> **WHAT YOU ARE ASKED TO DO**
Copy each line of the records below that has "intro" in it.
[SUPPLIED ENTRIES Boundary: Start]
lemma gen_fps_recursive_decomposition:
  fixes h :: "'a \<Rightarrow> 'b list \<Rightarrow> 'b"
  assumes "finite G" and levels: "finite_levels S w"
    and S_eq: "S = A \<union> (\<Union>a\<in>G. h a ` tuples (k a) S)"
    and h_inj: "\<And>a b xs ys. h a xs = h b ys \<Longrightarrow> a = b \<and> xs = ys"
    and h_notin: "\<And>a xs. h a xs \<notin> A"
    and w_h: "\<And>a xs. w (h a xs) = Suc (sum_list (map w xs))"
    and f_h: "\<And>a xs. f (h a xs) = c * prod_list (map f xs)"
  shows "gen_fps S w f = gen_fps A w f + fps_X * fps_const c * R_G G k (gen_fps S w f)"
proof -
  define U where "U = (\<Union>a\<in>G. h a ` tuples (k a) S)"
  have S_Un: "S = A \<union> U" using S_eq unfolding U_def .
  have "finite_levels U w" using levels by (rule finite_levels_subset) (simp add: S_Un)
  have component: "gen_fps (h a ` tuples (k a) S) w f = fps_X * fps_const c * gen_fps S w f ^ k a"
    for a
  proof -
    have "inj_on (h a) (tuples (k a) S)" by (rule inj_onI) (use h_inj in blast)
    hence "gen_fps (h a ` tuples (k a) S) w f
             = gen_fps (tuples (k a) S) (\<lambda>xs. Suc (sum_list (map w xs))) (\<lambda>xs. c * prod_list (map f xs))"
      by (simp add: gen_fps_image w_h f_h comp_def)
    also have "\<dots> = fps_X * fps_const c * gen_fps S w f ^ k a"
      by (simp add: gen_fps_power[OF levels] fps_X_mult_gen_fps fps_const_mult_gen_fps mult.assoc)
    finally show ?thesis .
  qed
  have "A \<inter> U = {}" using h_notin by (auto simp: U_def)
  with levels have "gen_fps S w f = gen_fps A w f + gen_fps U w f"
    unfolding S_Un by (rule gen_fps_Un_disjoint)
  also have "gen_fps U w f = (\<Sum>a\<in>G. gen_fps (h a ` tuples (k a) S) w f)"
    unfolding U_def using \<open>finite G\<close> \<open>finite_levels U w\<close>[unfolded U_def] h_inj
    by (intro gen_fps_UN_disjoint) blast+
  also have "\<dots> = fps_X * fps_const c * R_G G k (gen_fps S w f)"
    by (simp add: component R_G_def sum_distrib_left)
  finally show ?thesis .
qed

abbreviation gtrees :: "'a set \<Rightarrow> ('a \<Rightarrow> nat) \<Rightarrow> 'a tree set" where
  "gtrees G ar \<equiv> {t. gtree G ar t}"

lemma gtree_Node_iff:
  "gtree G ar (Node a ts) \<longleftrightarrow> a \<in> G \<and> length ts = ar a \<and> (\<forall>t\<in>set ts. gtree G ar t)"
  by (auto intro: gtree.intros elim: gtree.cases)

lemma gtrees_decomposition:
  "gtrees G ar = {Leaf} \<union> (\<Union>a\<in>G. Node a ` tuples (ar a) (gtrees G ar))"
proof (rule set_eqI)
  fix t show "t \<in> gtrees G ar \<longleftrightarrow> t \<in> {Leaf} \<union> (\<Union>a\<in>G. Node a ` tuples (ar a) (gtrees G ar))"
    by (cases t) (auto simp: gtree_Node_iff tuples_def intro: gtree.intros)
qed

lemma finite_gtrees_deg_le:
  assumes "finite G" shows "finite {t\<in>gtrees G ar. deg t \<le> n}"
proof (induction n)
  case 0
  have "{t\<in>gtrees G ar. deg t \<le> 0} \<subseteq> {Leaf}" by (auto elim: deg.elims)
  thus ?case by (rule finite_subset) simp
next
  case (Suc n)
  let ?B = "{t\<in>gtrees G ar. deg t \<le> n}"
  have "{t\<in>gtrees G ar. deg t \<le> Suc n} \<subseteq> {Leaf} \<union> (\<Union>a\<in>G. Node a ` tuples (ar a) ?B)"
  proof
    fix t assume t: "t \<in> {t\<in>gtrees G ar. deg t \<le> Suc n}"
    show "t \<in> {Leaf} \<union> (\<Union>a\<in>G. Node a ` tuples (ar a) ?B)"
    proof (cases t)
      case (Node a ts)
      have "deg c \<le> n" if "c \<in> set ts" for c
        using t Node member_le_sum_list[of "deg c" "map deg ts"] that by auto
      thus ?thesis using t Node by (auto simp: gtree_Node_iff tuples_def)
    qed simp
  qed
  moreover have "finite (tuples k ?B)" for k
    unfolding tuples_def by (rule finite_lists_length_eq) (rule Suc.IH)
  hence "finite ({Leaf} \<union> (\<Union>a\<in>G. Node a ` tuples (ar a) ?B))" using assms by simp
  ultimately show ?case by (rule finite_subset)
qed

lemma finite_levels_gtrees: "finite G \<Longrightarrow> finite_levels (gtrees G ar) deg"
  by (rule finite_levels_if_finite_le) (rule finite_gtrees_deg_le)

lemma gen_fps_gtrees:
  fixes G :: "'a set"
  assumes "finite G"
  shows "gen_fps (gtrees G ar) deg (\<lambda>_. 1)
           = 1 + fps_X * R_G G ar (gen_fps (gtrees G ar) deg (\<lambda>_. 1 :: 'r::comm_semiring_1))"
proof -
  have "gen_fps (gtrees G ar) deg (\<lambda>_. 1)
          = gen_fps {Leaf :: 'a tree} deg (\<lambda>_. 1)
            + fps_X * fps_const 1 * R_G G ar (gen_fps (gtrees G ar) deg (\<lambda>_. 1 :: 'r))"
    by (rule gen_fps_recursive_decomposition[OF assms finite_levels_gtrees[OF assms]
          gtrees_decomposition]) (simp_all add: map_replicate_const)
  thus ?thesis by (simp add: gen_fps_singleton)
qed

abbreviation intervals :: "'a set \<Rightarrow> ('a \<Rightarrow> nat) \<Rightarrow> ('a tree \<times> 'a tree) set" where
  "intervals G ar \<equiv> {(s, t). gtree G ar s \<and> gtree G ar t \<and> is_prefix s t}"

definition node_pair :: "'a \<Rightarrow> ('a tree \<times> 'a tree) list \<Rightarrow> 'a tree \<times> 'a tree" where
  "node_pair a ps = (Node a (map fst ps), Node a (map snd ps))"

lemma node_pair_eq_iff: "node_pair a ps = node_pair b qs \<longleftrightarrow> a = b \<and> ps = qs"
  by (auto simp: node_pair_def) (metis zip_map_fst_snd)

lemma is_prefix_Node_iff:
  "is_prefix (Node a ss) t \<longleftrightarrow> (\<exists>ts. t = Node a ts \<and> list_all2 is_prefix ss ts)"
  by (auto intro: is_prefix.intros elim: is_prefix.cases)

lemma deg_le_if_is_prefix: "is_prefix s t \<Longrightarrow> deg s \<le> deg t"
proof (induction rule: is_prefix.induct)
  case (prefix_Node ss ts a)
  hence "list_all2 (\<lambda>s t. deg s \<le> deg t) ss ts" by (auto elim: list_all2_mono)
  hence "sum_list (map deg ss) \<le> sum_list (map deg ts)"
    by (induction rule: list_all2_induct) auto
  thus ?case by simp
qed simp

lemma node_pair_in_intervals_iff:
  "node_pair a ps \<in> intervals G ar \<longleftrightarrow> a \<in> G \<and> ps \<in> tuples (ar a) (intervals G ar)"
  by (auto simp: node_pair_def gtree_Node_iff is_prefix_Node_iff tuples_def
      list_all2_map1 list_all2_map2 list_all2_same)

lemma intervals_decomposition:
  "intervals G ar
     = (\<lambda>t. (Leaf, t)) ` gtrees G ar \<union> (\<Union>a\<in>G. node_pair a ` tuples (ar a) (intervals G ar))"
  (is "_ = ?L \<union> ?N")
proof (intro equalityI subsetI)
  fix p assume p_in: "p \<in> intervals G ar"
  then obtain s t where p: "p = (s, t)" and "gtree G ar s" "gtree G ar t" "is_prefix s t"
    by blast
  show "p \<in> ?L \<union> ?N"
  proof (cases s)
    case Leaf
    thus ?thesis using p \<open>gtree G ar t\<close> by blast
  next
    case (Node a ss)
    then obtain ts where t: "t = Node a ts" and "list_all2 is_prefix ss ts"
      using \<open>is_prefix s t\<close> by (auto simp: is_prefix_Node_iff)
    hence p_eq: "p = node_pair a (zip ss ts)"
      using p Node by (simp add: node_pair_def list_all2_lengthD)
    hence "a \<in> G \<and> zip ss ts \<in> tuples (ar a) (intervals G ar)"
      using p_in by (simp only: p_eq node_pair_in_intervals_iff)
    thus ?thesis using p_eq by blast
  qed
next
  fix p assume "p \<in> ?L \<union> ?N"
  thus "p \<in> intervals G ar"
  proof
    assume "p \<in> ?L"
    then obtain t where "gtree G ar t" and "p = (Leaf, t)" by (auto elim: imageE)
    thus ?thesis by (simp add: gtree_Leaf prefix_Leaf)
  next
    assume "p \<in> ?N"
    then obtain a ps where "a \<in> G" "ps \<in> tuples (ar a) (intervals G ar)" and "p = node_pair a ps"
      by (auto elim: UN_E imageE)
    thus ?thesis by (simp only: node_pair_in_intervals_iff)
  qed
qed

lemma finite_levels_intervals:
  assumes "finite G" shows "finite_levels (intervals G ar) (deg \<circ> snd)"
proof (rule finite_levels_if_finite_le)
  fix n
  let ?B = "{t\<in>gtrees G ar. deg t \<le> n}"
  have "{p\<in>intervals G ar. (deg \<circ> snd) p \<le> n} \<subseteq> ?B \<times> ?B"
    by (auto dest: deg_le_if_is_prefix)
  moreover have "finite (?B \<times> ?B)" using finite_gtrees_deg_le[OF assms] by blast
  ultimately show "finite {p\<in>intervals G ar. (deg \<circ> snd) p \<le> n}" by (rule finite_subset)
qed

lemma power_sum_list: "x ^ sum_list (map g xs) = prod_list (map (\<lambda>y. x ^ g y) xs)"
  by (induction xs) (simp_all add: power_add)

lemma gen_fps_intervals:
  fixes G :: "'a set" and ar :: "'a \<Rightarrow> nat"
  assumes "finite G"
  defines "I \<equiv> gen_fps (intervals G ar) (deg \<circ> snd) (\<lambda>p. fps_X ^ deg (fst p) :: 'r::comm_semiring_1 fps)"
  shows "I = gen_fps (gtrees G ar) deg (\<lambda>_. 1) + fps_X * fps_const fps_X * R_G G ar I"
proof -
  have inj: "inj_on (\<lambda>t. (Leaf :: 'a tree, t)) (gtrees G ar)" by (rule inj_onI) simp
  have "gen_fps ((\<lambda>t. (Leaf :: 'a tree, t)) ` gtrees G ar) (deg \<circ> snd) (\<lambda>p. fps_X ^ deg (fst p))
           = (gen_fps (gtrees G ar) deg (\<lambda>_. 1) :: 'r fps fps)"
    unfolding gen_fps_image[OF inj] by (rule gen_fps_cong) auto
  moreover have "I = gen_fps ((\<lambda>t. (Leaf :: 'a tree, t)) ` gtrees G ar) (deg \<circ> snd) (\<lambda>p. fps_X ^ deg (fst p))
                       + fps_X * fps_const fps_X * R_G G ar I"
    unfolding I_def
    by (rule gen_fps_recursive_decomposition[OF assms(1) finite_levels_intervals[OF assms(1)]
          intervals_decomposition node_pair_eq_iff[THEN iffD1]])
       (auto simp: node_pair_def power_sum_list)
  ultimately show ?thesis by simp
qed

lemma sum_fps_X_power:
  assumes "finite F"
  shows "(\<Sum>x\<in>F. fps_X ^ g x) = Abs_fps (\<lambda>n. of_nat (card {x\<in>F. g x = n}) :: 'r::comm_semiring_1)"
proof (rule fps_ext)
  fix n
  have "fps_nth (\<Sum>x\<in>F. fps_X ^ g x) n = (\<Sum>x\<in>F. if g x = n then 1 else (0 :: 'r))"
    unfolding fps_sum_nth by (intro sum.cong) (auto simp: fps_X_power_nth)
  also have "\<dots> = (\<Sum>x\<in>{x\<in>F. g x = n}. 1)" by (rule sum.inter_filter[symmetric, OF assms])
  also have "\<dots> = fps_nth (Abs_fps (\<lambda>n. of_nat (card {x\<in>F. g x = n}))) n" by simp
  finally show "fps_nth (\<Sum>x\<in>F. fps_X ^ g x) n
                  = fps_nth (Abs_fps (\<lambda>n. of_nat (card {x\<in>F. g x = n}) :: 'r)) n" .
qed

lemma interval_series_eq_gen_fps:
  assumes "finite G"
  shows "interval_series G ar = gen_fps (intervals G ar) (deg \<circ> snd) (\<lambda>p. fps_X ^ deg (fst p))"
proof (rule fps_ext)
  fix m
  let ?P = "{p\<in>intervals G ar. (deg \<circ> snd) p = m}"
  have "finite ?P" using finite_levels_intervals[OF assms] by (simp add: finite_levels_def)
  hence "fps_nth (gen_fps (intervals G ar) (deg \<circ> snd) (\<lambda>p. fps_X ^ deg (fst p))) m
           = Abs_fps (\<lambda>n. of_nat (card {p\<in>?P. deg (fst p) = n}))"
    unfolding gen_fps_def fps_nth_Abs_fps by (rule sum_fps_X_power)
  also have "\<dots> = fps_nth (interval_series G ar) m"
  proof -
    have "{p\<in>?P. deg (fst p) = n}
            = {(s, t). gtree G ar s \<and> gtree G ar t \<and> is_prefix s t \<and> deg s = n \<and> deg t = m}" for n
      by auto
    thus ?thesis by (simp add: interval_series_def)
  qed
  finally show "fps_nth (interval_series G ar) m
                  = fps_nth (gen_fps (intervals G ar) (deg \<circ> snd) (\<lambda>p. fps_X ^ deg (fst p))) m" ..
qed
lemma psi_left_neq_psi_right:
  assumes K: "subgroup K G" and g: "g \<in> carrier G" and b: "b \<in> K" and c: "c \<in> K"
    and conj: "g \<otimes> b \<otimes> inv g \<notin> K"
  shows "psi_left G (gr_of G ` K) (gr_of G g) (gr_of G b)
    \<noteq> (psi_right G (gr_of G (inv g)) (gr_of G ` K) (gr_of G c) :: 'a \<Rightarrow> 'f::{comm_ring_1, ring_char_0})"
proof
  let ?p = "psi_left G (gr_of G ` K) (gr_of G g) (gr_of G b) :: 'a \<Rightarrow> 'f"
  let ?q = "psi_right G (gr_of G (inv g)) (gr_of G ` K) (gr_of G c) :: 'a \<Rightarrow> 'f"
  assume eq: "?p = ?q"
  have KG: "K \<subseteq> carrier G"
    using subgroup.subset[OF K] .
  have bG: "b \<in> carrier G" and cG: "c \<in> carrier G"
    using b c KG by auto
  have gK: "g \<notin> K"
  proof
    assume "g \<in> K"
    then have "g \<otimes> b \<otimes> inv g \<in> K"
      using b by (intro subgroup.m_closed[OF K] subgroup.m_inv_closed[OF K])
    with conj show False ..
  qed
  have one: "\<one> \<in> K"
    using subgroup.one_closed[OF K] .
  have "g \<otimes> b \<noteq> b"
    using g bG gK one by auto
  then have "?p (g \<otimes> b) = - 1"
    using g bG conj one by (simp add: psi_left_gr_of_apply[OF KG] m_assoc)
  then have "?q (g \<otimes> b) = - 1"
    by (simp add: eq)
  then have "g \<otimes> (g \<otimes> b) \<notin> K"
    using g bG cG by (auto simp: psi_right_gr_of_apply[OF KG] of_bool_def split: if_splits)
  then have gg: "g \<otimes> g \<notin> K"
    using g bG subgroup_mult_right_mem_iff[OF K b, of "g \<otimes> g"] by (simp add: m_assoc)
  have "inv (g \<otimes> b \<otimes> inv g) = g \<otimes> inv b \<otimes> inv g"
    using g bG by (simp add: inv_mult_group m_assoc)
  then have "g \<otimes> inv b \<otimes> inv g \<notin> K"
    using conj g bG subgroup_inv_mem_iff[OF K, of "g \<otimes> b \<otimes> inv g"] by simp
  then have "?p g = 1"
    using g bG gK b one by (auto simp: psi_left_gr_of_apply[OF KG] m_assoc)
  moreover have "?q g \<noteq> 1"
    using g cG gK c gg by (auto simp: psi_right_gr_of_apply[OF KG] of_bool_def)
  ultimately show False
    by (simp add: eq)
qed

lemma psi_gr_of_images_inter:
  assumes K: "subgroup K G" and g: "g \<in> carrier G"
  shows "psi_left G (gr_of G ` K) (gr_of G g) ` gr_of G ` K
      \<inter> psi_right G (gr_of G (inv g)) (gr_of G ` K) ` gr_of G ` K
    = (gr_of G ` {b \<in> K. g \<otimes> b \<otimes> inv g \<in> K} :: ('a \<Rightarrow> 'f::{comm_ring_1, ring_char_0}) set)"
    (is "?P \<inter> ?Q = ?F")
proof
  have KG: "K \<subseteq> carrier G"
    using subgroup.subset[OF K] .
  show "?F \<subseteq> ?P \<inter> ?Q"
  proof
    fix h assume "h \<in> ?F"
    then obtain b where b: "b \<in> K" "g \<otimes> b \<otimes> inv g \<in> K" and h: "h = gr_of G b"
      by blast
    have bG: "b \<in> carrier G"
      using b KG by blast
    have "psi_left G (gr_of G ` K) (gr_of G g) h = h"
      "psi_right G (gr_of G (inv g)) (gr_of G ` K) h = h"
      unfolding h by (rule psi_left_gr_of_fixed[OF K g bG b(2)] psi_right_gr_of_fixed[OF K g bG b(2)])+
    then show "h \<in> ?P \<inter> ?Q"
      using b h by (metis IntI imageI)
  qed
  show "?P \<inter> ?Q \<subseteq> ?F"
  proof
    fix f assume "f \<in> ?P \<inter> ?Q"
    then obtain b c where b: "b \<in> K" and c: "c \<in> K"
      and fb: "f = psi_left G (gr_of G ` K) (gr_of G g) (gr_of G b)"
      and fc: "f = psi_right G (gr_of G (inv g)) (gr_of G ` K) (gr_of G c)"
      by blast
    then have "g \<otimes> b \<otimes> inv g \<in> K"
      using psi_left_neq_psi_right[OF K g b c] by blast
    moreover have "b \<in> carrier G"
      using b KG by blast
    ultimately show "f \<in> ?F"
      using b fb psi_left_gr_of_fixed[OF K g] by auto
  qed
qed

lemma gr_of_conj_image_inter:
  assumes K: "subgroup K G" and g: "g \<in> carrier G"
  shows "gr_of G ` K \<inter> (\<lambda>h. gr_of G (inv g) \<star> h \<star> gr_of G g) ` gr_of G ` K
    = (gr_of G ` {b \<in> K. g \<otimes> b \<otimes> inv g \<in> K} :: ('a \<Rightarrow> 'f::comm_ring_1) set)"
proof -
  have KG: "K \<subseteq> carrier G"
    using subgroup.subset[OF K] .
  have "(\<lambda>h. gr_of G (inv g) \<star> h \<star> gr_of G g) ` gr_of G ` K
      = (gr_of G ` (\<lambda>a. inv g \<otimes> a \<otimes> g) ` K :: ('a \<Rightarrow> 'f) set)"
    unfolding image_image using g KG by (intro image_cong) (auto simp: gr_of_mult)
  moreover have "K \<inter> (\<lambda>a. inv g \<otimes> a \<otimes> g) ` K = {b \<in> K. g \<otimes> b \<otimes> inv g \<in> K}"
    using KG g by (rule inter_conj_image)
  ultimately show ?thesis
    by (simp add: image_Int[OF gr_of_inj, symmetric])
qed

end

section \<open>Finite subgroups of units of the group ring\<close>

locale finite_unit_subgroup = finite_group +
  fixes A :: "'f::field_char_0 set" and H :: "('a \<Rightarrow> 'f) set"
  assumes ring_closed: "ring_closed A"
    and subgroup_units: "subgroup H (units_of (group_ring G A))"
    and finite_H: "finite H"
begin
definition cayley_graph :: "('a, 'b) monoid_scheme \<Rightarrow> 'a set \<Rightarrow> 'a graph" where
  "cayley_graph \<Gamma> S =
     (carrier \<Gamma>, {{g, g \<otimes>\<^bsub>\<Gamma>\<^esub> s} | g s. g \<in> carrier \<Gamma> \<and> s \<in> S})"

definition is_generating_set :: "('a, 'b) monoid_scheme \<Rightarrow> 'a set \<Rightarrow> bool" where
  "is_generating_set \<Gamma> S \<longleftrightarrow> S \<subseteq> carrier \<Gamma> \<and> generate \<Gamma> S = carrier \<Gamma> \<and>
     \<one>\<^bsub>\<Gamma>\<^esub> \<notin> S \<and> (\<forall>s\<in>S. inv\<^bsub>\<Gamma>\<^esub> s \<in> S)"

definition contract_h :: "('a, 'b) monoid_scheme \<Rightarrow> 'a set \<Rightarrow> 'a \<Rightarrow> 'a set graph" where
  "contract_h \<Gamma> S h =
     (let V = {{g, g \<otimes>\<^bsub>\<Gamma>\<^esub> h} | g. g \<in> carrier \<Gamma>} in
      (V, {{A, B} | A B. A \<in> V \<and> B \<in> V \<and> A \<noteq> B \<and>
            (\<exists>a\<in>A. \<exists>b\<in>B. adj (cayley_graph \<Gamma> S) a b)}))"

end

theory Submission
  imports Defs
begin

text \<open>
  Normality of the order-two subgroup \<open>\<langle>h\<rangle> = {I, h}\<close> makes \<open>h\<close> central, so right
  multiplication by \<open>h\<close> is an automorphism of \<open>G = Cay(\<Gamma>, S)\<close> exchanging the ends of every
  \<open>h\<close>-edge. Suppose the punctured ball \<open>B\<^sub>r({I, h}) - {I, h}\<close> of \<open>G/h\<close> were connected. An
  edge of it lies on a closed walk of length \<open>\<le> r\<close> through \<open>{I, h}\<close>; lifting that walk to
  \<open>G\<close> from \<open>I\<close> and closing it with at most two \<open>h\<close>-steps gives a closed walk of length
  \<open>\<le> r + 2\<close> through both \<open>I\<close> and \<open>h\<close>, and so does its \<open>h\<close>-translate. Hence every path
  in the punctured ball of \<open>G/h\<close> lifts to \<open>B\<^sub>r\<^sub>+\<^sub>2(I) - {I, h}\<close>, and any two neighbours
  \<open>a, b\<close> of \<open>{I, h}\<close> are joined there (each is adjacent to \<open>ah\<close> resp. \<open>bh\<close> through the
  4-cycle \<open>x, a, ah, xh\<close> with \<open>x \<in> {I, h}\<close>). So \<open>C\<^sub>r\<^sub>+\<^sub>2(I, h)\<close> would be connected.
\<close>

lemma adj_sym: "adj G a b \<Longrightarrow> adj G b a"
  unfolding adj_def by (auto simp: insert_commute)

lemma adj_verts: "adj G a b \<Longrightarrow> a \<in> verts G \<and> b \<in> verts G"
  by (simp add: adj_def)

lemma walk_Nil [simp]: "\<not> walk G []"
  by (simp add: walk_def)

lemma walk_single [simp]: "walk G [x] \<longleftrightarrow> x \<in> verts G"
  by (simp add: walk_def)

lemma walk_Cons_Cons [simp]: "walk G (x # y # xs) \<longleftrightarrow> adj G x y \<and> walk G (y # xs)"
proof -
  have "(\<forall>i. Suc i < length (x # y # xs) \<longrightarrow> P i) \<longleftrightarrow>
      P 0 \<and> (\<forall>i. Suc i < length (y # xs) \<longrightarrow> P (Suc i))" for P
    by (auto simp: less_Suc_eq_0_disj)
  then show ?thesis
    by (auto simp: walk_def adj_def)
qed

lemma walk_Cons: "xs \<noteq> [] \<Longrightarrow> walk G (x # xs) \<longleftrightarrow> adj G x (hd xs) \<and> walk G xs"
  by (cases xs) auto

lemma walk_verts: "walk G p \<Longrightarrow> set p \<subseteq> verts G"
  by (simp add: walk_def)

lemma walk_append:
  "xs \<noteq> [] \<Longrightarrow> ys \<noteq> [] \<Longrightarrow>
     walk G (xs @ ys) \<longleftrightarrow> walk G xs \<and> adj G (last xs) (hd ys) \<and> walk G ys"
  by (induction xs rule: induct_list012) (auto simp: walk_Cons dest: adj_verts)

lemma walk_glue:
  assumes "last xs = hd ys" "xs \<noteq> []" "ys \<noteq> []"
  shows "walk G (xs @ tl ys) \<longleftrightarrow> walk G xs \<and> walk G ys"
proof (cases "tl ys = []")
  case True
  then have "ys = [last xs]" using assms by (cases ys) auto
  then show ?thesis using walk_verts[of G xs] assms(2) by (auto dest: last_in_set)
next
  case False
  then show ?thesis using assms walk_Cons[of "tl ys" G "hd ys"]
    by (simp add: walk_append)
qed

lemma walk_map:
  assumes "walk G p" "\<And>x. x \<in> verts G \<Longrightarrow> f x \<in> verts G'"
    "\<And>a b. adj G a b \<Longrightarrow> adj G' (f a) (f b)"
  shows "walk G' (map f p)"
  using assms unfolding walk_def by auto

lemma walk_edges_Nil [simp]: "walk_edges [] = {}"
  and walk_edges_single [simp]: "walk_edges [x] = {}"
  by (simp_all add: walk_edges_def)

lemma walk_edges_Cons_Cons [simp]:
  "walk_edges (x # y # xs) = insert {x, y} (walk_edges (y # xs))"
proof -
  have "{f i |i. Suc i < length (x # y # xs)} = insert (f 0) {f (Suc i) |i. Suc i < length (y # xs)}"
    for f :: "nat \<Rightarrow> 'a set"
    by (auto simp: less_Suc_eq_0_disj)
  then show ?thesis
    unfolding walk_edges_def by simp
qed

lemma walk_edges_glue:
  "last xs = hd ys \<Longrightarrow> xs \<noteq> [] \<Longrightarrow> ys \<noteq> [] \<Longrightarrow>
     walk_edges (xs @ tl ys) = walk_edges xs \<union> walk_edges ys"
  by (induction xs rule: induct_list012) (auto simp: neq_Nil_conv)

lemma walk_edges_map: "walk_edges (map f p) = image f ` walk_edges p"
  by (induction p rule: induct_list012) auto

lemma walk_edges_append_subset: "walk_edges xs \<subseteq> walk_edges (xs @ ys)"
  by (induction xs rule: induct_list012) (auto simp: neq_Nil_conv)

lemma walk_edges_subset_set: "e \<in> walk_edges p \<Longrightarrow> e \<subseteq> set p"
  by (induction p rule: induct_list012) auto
[SUPPLIED ENTRIES Boundary: End]
> **REPLY**
    by (intro gen_fps_UN_disjoint) blast+
  by (auto intro: gtree.intros elim: gtree.cases)
    by (cases t) (auto simp: gtree_Node_iff tuples_def intro: gtree.intros)
  by (auto intro: is_prefix.intros elim: is_prefix.cases)
proof (intro equalityI subsetI)
    unfolding fps_sum_nth by (intro sum.cong) (auto simp: fps_X_power_nth)
      using b by (intro subgroup.m_closed[OF K] subgroup.m_inv_closed[OF K])
    unfolding image_image using g KG by (intro image_cong) (auto simp: gr_of_mult)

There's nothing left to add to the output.